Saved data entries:
• • • • • • •

lemma code_eq_if_suffix:
  assumes "M \<in> codes" "P \<in> codes" "suffix A M" "suffix A P" "2 \<le> length A"
  shows "P = M"
proof -
  obtain M' P' where M: "M = M' @ A" and P: "P = P' @ A" using assms(3,4) by (auto simp: suffix_def)
  have "length M' + length A = 3" "length P' + length A = 3"
    using code_props[OF assms(1)] code_props[OF assms(2)] M P by auto
  then have "length P' = length M'" "length M' \<le> 1" using assms(5) by linarith+
  then have "drop 1 P = drop 1 M" unfolding M P by (simp add: drop_append)
  moreover have "inj_on (drop 1) codes" unfolding codes_def by (simp add: inj_on_def)
  ultimately show ?thesis using assms(1,2) by (meson inj_onD)
qed

lemma code_eq_if_prefix:
  assumes "M \<in> codes" "Q \<in> codes" "prefix C M" "prefix C Q" "2 \<le> length C"
  shows "Q = M"
proof -
  obtain M' Q' where M: "M = C @ M'" and Q: "Q = C @ Q'" using assms(3,4) by (auto simp: prefix_def)
  have "length C \<le> 3" using assms(1) M code_props by fastforce
  with assms(5) have "take 2 Q = take 2 M" unfolding M Q by simp
  moreover have "inj_on (take 2) codes" unfolding codes_def by (simp add: inj_on_def)
  ultimately show ?thesis using assms(1,2) by (meson inj_onD)
qed

lemma token_props:
  "is_block t \<or> t \<in> codes \<Longrightarrow> t \<noteq> [] \<and> set t \<subseteq> {0, 1, 2} \<and> square_free t"
  unfolding is_block_def using code_props by fastforce

lemma token_kind_hd: "is_block t \<or> t \<in> codes \<Longrightarrow> t \<in> codes \<longleftrightarrow> hd t \<noteq> 2"
  unfolding is_block_def using code_props by fastforce

lemma token_kind_last: "is_block t \<or> t \<in> codes \<Longrightarrow> t \<in> codes \<longleftrightarrow> last t \<noteq> 2"
  unfolding is_block_def using code_props by fastforce

lemma not_square_free_filter:
  "filter P ys \<noteq> [] \<Longrightarrow> \<not> square_free (filter P (xs @ ys @ ys @ zs))"
  unfolding square_free_def by auto

lemma successively_adjacent: "successively P (xs @ a # b # ys) \<Longrightarrow> P a b"
  by (simp add: successively_append_iff)

lemma not_square_free_codes_if_block_centre:
  assumes tokens: "\<forall>t\<in>set ts. is_block t \<or> t \<in> codes"
    and alt: "successively (\<lambda>s t. (s \<in> codes) \<noteq> (t \<in> codes)) ts"
    and ts: "ts = pre @ G @ [C @ A] @ G @ rest" and block: "C @ A \<notin> codes"
    and P: "pre \<noteq> []" "suffix A (last pre)"
    and Q: "C \<noteq> [] \<longrightarrow> rest \<noteq> [] \<and> prefix C (hd rest)"
  shows "\<not> square_free (filter (\<lambda>t. t \<in> codes) ts)"
proof -
  have "G \<noteq> []"
  proof
    assume "G = []"
    show False
    proof (cases "A = []")
      case False
      from P \<open>G = []\<close> ts have ts': "ts = butlast pre @ last pre # (C @ A) # rest" by simp
      have "(last pre \<in> codes) \<noteq> (C @ A \<in> codes)"
        using successively_adjacent[OF alt[unfolded ts']] by simp
      moreover from P False have "last (last pre) = last (C @ A)" by (auto simp: suffix_def)
      moreover have "is_block t \<or> t \<in> codes" if "t \<in> {last pre, C @ A}" for t
        using tokens that unfolding ts' by auto
      ultimately show False using token_kind_last by (metis insertCI)
    next
      case True
      with block token_props tokens ts have "C \<noteq> []" by auto
      with Q \<open>G = []\<close> ts have ts': "ts = pre @ (C @ A) # hd rest # tl rest" by simp
      have "(C @ A \<in> codes) \<noteq> (hd rest \<in> codes)"
        using successively_adjacent[OF alt[unfolded ts']] by simp
      moreover from Q \<open>C \<noteq> []\<close> have "hd (hd rest) = hd (C @ A)" by (auto simp: prefix_def)
      moreover have "is_block t \<or> t \<in> codes" if "t \<in> {hd rest, C @ A}" for t
        using tokens that unfolding ts' by auto
      ultimately show False using token_kind_hd by (metis insertCI)
    qed
  qed
  then have ts': "ts = (pre @ butlast G) @ last G # (C @ A) # G @ rest" using ts by simp
  have "last G \<in> codes" using successively_adjacent[OF alt[unfolded ts']] block by simp
  with \<open>G \<noteq> []\<close> have "filter (\<lambda>t. t \<in> codes) G \<noteq> []" by (metis filter_empty_conv last_in_set)
  moreover have "filter (\<lambda>t. t \<in> codes) ts = filter (\<lambda>t. t \<in> codes) pre @
      filter (\<lambda>t. t \<in> codes) G @ filter (\<lambda>t. t \<in> codes) G @ filter (\<lambda>t. t \<in> codes) rest"
    using ts block by simp
  ultimately show ?thesis using not_square_free_filter by simp
qed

• • • • • • •

Problem statement
Output the entire set of records exactly as shown.

Written response
lemma code_eq_if_suffix:
  assumes "M \<in> codes" "P \<in> codes" "suffix A M" "suffix A P" "2 \<le> length A"
  shows "P = M"
proof -
  obtain M' P' where M: "M = M' @ A" and P: "P = P' @ A" using assms(3,4) by (auto simp: suffix_def)
  have "length M' + length A = 3" "length P' + length A = 3"
    using code_props[OF assms(1)] code_props[OF assms(2)] M P by auto
  then have "length P' = length M'" "length M' \<le> 1" using assms(5) by linarith+
  then have "drop 1 P = drop 1 M" unfolding M P by (simp add: drop_append)
  moreover have "inj_on (drop 1) codes" unfolding codes_def by (simp add: inj_on_def)
  ultimately show ?thesis using assms(1,2) by (meson inj_onD)
qed

lemma code_eq_if_prefix:
  assumes "M \<in> codes" "Q \<in> codes" "prefix C M" "prefix C Q" "2 \<le> length C"
  shows "Q = M"
proof -
  obtain M' Q' where M: "M = C @ M'" and Q: "Q = C @ Q'" using assms(3,4) by (auto simp: prefix_def)
  have "length C \<le> 3" using assms(1) M code_props by fastforce
  with assms(5) have "take 2 Q = take 2 M" unfolding M Q by simp
  moreover have "inj_on (take 2) codes" unfolding codes_def by (simp add: inj_on_def)
  ultimately show ?thesis using assms(1,2) by (meson inj_onD)
qed

lemma token_props:
  "is_block t \<or> t \<in> codes \<Longrightarrow> t \<noteq> [] \<and> set t \<subseteq> {0, 1, 2} \<and> square_free t"
  unfolding is_block_def using code_props by fastforce

lemma token_kind_hd: "is_block t \<or> t \<in> codes \<Longrightarrow> t \<in> codes \<longleftrightarrow> hd t \<noteq> 2"
  unfolding is_block_def using code_props by fastforce

lemma token_kind_last: "is_block t \<or> t \<in> codes \<Longrightarrow> t \<in> codes \<longleftrightarrow> last t \<noteq> 2"
  unfolding is_block_def using code_props by fastforce

lemma not_square_free_filter:
  "filter P ys \<noteq> [] \<Longrightarrow> \<not> square_free (filter P (xs @ ys @ ys @ zs))"
  unfolding square_free_def by auto

lemma successively_adjacent: "successively P (xs @ a # b # ys) \<Longrightarrow> P a b"
  by (simp add: successively_append_iff)

lemma not_square_free_codes_if_block_centre:
  assumes tokens: "\<forall>t\<in>set ts. is_block t \<or> t \<in> codes"
    and alt: "successively (\<lambda>s t. (s \<in> codes) \<noteq> (t \<in> codes)) ts"
    and ts: "ts = pre @ G @ [C @ A] @ G @ rest" and block: "C @ A \<notin> codes"
    and P: "pre \<noteq> []" "suffix A (last pre)"
    and Q: "C \<noteq> [] \<longrightarrow> rest \<noteq> [] \<and> prefix C (hd rest)"
  shows "\<not> square_free (filter (\<lambda>t. t \<in> codes) ts)"
proof -
  have "G \<noteq> []"
  proof
    assume "G = []"
    show False
    proof (cases "A = []")
      case False
      from P \<open>G = []\<close> ts have ts': "ts = butlast pre @ last pre # (C @ A) # rest" by simp
      have "(last pre \<in> codes) \<noteq> (C @ A \<in> codes)"
        using successively_adjacent[OF alt[unfolded ts']] by simp
      moreover from P False have "last (last pre) = last (C @ A)" by (auto simp: suffix_def)
      moreover have "is_block t \<or> t \<in> codes" if "t \<in> {last pre, C @ A}" for t
        using tokens that unfolding ts' by auto
      ultimately show False using token_kind_last by (metis insertCI)
    next
      case True
      with block token_props tokens ts have "C \<noteq> []" by auto
      with Q \<open>G = []\<close> ts have ts': "ts = pre @ (C @ A) # hd rest # tl rest" by simp
      have "(C @ A \<in> codes) \<noteq> (hd rest \<in> codes)"
        using successively_adjacent[OF alt[unfolded ts']] by simp
      moreover from Q \<open>C \<noteq> []\<close> have "hd (hd rest) = hd (C @ A)" by (auto simp: prefix_def)
      moreover have "is_block t \<or> t \<in> codes" if "t \<in> {hd rest, C @ A}" for t
        using tokens that unfolding ts' by auto
      ultimately show False using token_kind_hd by (metis insertCI)
    qed
  qed
  then have ts': "ts = (pre @ butlast G) @ last G # (C @ A) # G @ rest" using ts by simp
  have "last G \<in> codes" using successively_adjacent[OF alt[unfolded ts']] block by simp
  with \<open>G \<noteq> []\<close> have "filter (\<lambda>t. t \<in> codes) G \<noteq> []" by (metis filter_empty_conv last_in_set)
  moreover have "filter (\<lambda>t. t \<in> codes) ts = filter (\<lambda>t. t \<in> codes) pre @
      filter (\<lambda>t. t \<in> codes) G @ filter (\<lambda>t. t \<in> codes) G @ filter (\<lambda>t. t \<in> codes) rest"
    using ts block by simp
  ultimately show ?thesis using not_square_free_filter by simp
qed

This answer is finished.